Records provided section start

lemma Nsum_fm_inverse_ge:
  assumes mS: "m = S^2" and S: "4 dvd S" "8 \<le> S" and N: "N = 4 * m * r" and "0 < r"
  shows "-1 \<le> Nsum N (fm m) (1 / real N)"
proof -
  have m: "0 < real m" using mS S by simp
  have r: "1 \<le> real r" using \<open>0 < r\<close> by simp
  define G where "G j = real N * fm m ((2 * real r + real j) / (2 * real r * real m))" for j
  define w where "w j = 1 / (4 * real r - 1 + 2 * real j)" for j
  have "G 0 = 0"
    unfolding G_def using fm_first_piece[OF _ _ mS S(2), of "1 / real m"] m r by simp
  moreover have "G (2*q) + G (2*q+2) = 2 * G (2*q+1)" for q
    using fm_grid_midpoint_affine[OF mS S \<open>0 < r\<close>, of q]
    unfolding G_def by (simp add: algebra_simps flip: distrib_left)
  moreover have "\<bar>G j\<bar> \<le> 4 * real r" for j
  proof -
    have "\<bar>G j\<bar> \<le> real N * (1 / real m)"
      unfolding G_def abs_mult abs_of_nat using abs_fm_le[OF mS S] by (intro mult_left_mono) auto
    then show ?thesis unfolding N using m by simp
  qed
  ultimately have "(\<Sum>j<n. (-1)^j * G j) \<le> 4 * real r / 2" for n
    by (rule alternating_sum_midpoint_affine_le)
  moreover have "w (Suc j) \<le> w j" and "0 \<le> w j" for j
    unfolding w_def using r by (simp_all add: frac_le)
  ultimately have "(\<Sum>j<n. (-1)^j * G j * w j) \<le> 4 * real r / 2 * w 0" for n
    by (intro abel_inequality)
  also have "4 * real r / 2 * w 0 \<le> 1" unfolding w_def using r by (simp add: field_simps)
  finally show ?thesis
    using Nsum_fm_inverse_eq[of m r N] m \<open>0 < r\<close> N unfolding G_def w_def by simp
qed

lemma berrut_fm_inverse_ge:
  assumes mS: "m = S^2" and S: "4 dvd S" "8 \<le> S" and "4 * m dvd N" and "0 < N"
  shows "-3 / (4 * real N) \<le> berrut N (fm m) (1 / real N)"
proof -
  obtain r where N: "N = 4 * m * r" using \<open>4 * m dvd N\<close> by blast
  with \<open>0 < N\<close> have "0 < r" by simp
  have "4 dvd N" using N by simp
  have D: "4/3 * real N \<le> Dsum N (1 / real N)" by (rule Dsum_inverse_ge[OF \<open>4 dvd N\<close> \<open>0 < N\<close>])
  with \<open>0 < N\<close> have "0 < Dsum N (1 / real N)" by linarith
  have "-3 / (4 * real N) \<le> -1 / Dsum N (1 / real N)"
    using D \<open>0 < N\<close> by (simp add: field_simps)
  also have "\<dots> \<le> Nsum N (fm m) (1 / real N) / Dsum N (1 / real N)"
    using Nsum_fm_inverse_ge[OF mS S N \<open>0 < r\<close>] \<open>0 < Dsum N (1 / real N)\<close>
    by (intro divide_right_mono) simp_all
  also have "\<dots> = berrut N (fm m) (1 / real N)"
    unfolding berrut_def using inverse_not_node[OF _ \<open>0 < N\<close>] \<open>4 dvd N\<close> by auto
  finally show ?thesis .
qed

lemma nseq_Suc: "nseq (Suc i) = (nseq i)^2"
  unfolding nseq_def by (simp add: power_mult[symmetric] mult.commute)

Records provided section end

* Instructions to follow: Starting with the line that contains "by (intro abel_inequality)", print each line through the last one in the listing. Include both end lines and add nothing.

* Result of this exercise:
    by (intro abel_inequality)
  also have "4 * real r / 2 * w 0 \<le> 1" unfolding w_def using r by (simp add: field_simps)
  finally show ?thesis
    using Nsum_fm_inverse_eq[of m r N] m \<open>0 < r\<close> N unfolding G_def w_def by simp
qed

lemma berrut_fm_inverse_ge:
  assumes mS: "m = S^2" and S: "4 dvd S" "8 \<le> S" and "4 * m dvd N" and "0 < N"
  shows "-3 / (4 * real N) \<le> berrut N (fm m) (1 / real N)"
proof -
  obtain r where N: "N = 4 * m * r" using \<open>4 * m dvd N\<close> by blast
  with \<open>0 < N\<close> have "0 < r" by simp
  have "4 dvd N" using N by simp
  have D: "4/3 * real N \<le> Dsum N (1 / real N)" by (rule Dsum_inverse_ge[OF \<open>4 dvd N\<close> \<open>0 < N\<close>])
  with \<open>0 < N\<close> have "0 < Dsum N (1 / real N)" by linarith
  have "-3 / (4 * real N) \<le> -1 / Dsum N (1 / real N)"
    using D \<open>0 < N\<close> by (simp add: field_simps)
  also have "\<dots> \<le> Nsum N (fm m) (1 / real N) / Dsum N (1 / real N)"
    using Nsum_fm_inverse_ge[OF mS S N \<open>0 < r\<close>] \<open>0 < Dsum N (1 / real N)\<close>
    by (intro divide_right_mono) simp_all
  also have "\<dots> = berrut N (fm m) (1 / real N)"
    unfolding berrut_def using inverse_not_node[OF _ \<open>0 < N\<close>] \<open>4 dvd N\<close> by auto
  finally show ?thesis .
qed

lemma nseq_Suc: "nseq (Suc i) = (nseq i)^2"
  unfolding nseq_def by (simp add: power_mult[symmetric] mult.commute)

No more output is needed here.